For many first-years, Welcome Week can be a relief after navigating the esoteric enrolment processes and other impossibly user-unfriendly websites — now the real university experience begins. Although many fleeting friendships were developed in the lines for Redbull and free toothpaste, Welcome Week was definitely a mixed bag of experiences.
Like lambs to the slaughter, the early morning empty stalls and Eastern Avenue buildings led me to a Socialist Alternative recruitment drive instantly. I’d barely left my bus before being asked “Do you care about left-wing politics?” and a flyer thrust into my hands. “Meet the socialists,” the poorly cropped paper tells me. No, thanks.
We kept slipping between SAlt’s recruiters until we finally reached the Quad, walking past the damned who were too nice to say no. God knows it’ll be impossible to unsubscribe from their mailing list.

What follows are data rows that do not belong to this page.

lemma extreme_ray_SAGE_if_AGE_pieces_multiples:
  assumes "finite A" "c \<in> SAGE_cone X A" "signomial A c x1 > 0" "x1 \<in> X"
    \<comment> \<open>the index type \<open>real \<times> bool\<close> enumerates the pieces of two SAGE decompositions at once\<close>
    and pieces: "\<And>(I :: (real \<times> bool) set) b p i.
      AGE_decomposition X A c I b p \<Longrightarrow> i \<in> I \<Longrightarrow> \<exists>s. p i = (\<lambda>a. s * c a)"
  shows "extreme_ray (SAGE_cone X A) c"
  unfolding extreme_ray_def
proof (intro conjI allI impI)
  show "c \<noteq> (\<lambda>_. 0)" using assms(3) by (auto simp: signomial_def)
  have nonneg_factor: "s \<ge> 0" if "(\<lambda>a. s * c a) \<in> SAGE_cone X A" for s
    using SAGE_cone_nonneg[OF that assms(4)] assms(3)
    by (simp add: signomial_cmult zero_le_mult_iff)
  fix g h assume "g \<in> SAGE_cone X A \<and> h \<in> SAGE_cone X A \<and> c = (\<lambda>a. g a + h a)"
  then obtain G H where G: "\<forall>\<beta>\<in>A. G \<beta> \<in> AGE_cone X A \<beta>" "g = (\<lambda>a. \<Sum>\<beta>\<in>A. G \<beta> a)"
    and H: "\<forall>\<beta>\<in>A. H \<beta> \<in> AGE_cone X A \<beta>" "h = (\<lambda>a. \<Sum>\<beta>\<in>A. H \<beta> a)"
    and gh: "g \<in> SAGE_cone X A" "h \<in> SAGE_cone X A" "c = (\<lambda>a. g a + h a)"
    unfolding SAGE_cone_def by blast
  define p where "p = (\<lambda>(\<beta>, t::bool). if t then G \<beta> else H \<beta>)"
  have "(\<Sum>i\<in>A \<times> UNIV. p i a) = c a" for a
  proof -
    have "(\<Sum>i\<in>A \<times> UNIV. p i a) = (\<Sum>\<beta>\<in>A. \<Sum>t\<in>UNIV. p (\<beta>, t) a)"
      by (simp add: sum.cartesian_product p_def case_prod_unfold cong: if_cong)
    also have "\<dots> = (\<Sum>\<beta>\<in>A. G \<beta> a + H \<beta> a)" by (simp add: p_def UNIV_bool add.commute)
    also have "\<dots> = c a" using G(2) H(2) gh(3) by (simp add: sum.distrib)
    finally show ?thesis .
  qed
  with assms(1) G H have "AGE_decomposition X A c (A \<times> UNIV) fst p"
    unfolding AGE_decomposition_def by (auto simp: p_def)
  with pieces obtain s where s: "\<And>i. i \<in> A \<times> UNIV \<Longrightarrow> p i = (\<lambda>a. s i * c a)"
    by metis
  have "G \<beta> = (\<lambda>a. s (\<beta>, True) * c a)" "H \<beta> = (\<lambda>a. s (\<beta>, False) * c a)" if "\<beta> \<in> A" for \<beta>
    using s[of "(\<beta>, True)"] s[of "(\<beta>, False)"] that by (simp_all add: p_def)
  then have g: "g = (\<lambda>a. (\<Sum>\<beta>\<in>A. s (\<beta>, True)) * c a)"
    and h: "h = (\<lambda>a. (\<Sum>\<beta>\<in>A. s (\<beta>, False)) * c a)"
    unfolding G(2) H(2) sum_distrib_right by (auto intro!: sum.cong)
  show "\<exists>s\<ge>0. g = (\<lambda>a. s * c a)"
    using nonneg_factor gh(1) unfolding g by (intro exI[of _ "\<Sum>\<beta>\<in>A. s (\<beta>, True)"]) simp
  show "\<exists>s\<ge>0. h = (\<lambda>a. s * c a)"
    using nonneg_factor gh(2) unfolding h by (intro exI[of _ "\<Sum>\<beta>\<in>A. s (\<beta>, False)"]) simp
qed (use assms(2) in simp)

lemma AGE_decompositionD:
  assumes "AGE_decomposition X A c I b p"
  shows "finite I" "\<And>i. i \<in> I \<Longrightarrow> b i \<in> A" "\<And>i. i \<in> I \<Longrightarrow> p i \<in> AGE_cone X A (b i)"
    and "\<And>a. (\<Sum>i\<in>I. p i a) = c a"
  using assms unfolding AGE_decomposition_def by auto

lemma AGE_decomposition_supported:
  assumes "AGE_decomposition X A c I b p" "i \<in> I" "p i a \<noteq> 0"
  shows "a \<in> A"
  using AGE_coneD(1)[OF AGE_decompositionD(3)[OF assms(1,2)]] assms(3)
  by (auto simp: supported_on_def)

lemma AGE_decomposition_coeff_nonneg:
  assumes "AGE_decomposition X A c I b p" "i \<in> I" "a \<noteq> b i"
  shows "p i a \<ge> 0"
  using AGE_coneD(1,2)[OF AGE_decompositionD(3)[OF assms(1,2)]] assms(3)
  by (cases "a \<in> A") (auto simp: supported_on_def)

lemma sum_pos_at_extreme_support:
  fixes p :: "'i \<Rightarrow> real \<Rightarrow> real" and R :: "real \<Rightarrow> real \<Rightarrow> bool"
  assumes "finite I" "i0 \<in> I" "p i0 M \<noteq> 0"
    and "\<And>i a. i \<in> I \<Longrightarrow> a \<noteq> b i \<Longrightarrow> p i a \<ge> 0"
    and "\<And>i. i \<in> I \<Longrightarrow> p i (b i) < 0 \<Longrightarrow> \<exists>a. R (b i) a \<and> p i a \<noteq> 0"
    and "\<And>i a. i \<in> I \<Longrightarrow> p i a \<noteq> 0 \<Longrightarrow> \<not> R M a"
  shows "(\<Sum>i\<in>I. p i M) > 0"
proof -
  have nonneg: "p i M \<ge> 0" if "i \<in> I" for i
  proof (rule ccontr)
    assume "\<not> p i M \<ge> 0"
    moreover from this assms(4)[OF that] have "M = b i" by force
    ultimately have "p i (b i) < 0" by simp
    with assms(5,6)[OF that] \<open>M = b i\<close> show False by blast
  qed
  with assms(3) have "p i0 M > 0" using assms(2) by force
  with nonneg show ?thesis using sum_pos2[OF assms(1,2), of "\<lambda>i. p i M"] by blast
qed

lemma AGE_decomposition_support_le_pos:
  assumes "finite A" "AGE_decomposition {0..} A c I b p" "i \<in> I" "p i a \<noteq> 0"
  shows "\<exists>a'\<in>A. a \<le> a' \<and> c a' > 0"
proof -
  note dec = AGE_decompositionD[OF assms(2)]
  let ?S = "{a\<in>A. \<exists>i\<in>I. p i a \<noteq> 0}"
  define M where "M = Max ?S"
  have fin: "finite ?S" using assms(1) by simp
  note supp = AGE_decomposition_supported[OF assms(2)]
  have "a \<in> ?S" using assms(3,4) supp by blast
  then have M: "M \<in> ?S" "a \<le> M" using Max_in[OF fin] Max_ge[OF fin] unfolding M_def by blast+
  then obtain i0 where "i0 \<in> I" "p i0 M \<noteq> 0" by blast
  have "(\<Sum>i\<in>I. p i M) > 0"
  proof (rule sum_pos_at_extreme_support[where R = "(<)" and b = b and p = p and M = M, OF dec(1) \<open>i0 \<in> I\<close> \<open>p i0 M \<noteq> 0\<close>])
    show "\<And>i a. i \<in> I \<Longrightarrow> a \<noteq> b i \<Longrightarrow> p i a \<ge> 0"
      using AGE_decomposition_coeff_nonneg[OF assms(2)] .
    show "\<exists>a. b i < a \<and> p i a \<noteq> 0" if "i \<in> I" "p i (b i) < 0" for i
      using nonneg_signomial_neg_coeff_has_pos_above[OF assms(1) AGE_coneD(1,3,2)[OF dec(3)[OF that(1)]]]
        that(2) by force
    show "\<not> M < a" if "i \<in> I" "p i a \<noteq> 0" for i a
      using Max_ge[OF fin, of a] supp[OF that] that unfolding M_def by force
  qed
  with M dec(4) show ?thesis by auto
qed

lemma AGE_decomposition_support_ge_pos:
  assumes "finite A" "AGE_decomposition {0..} A c I b p" "i \<in> I" "p i a \<noteq> 0"
    and "\<And>i. i \<in> I \<Longrightarrow> signomial A (p i) x0 = 0 \<and> signomial_deriv A (p i) x0 = 0"
  shows "\<exists>a'\<in>A. a' \<le> a \<and> c a' > 0"
proof -
  note dec = AGE_decompositionD[OF assms(2)]
  let ?S = "{a\<in>A. \<exists>i\<in>I. p i a \<noteq> 0}"
  define M where "M = Min ?S"
  have fin: "finite ?S" using assms(1) by simp
  note supp = AGE_decomposition_supported[OF assms(2)]
  have "a \<in> ?S" using assms(3,4) supp by blast
  then have M: "M \<in> ?S" "M \<le> a" using Min_in[OF fin] Min_le[OF fin] unfolding M_def by blast+
  then obtain i0 where "i0 \<in> I" "p i0 M \<noteq> 0" by blast
  have "(\<Sum>i\<in>I. p i M) > 0"
  proof (rule sum_pos_at_extreme_support[where R = "(>)" and b = b and p = p and M = M, OF dec(1) \<open>i0 \<in> I\<close> \<open>p i0 M \<noteq> 0\<close>])
    show "\<And>i a. i \<in> I \<Longrightarrow> a \<noteq> b i \<Longrightarrow> p i a \<ge> 0"
      using AGE_decomposition_coeff_nonneg[OF assms(2)] .
    show "\<exists>a. b i > a \<and> p i a \<noteq> 0" if "i \<in> I" "p i (b i) < 0" for i
    proof -
      have "p i \<noteq> (\<lambda>_. 0)" using that(2) by auto
      with AGE_double_root_coeffs(2)[OF assms(1) AGE_coneD(1,2)[OF dec(3)[OF that(1)]]] assms(5)[OF that(1)]
      show ?thesis by force
    qed
    show "\<not> M > a" if "i \<in> I" "p i a \<noteq> 0" for i a
      using Min_le[OF fin, of a] supp[OF that] that unfolding M_def by force
  qed
  with M dec(4) show ?thesis by auto
qed

lemma AGE_decomposition_sum:
  assumes "AGE_decomposition X A c I b p"
  shows "signomial A c x = (\<Sum>i\<in>I. signomial A (p i) x)"
    and "signomial_deriv A c x = (\<Sum>i\<in>I. signomial_deriv A (p i) x)"
proof -
  have "c = (\<lambda>a. \<Sum>i\<in>I. p i a)" using AGE_decompositionD(4)[OF assms] by simp
  then show "signomial A c x = (\<Sum>i\<in>I. signomial A (p i) x)"
    and "signomial_deriv A c x = (\<Sum>i\<in>I. signomial_deriv A (p i) x)"
    by (simp_all only: signomial_sum signomial_deriv_sum)
qed

lemma AGE_decomposition_root:
  assumes "AGE_decomposition {0..} A c I b p" "x0 \<ge> 0" "signomial A c x0 = 0" "i \<in> I"
  shows "signomial A (p i) x0 = 0"
proof -
  note dec = AGE_decompositionD[OF assms(1)]
  have "signomial A (p i) x0 \<ge> 0" if "i \<in> I" for i
    using AGE_coneD(3)[OF dec(3)[OF that]] assms(2) by simp
  from sum_nonneg_eq_0_iff[OF dec(1), of "\<lambda>i. signomial A (p i) x0", OF this, THEN iffD1]
  show ?thesis using assms(3,4) AGE_decomposition_sum(1)[OF assms(1)] by simp
qed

After a confusing hour where my student mentor led four of us into a strange, empty room off of the Great Hall and abandoned us, we were finally led to a lecture theatre where various academics took the stage. By the second hour, many had grown hungry, talking over SRC President Lia Perkins and club representatives out of — what was hopefully — restlessness.
Finally offered the free lunch, my mentor group seemingly disbanded in the hoard and never re-formed, so I tagged along with another group for the “Amazing Race.”
Handed a yellow piece of paper, where a set of four ingenious and brain-teasing challenges were laid out, including but not limited to, theorising where a staircase led to — “creative answers only!” — and counting how many gargoyles were in a specific area.
During the “race”, we soon realised that we had no competitors, as almost all students had left. I quietly slipped away too.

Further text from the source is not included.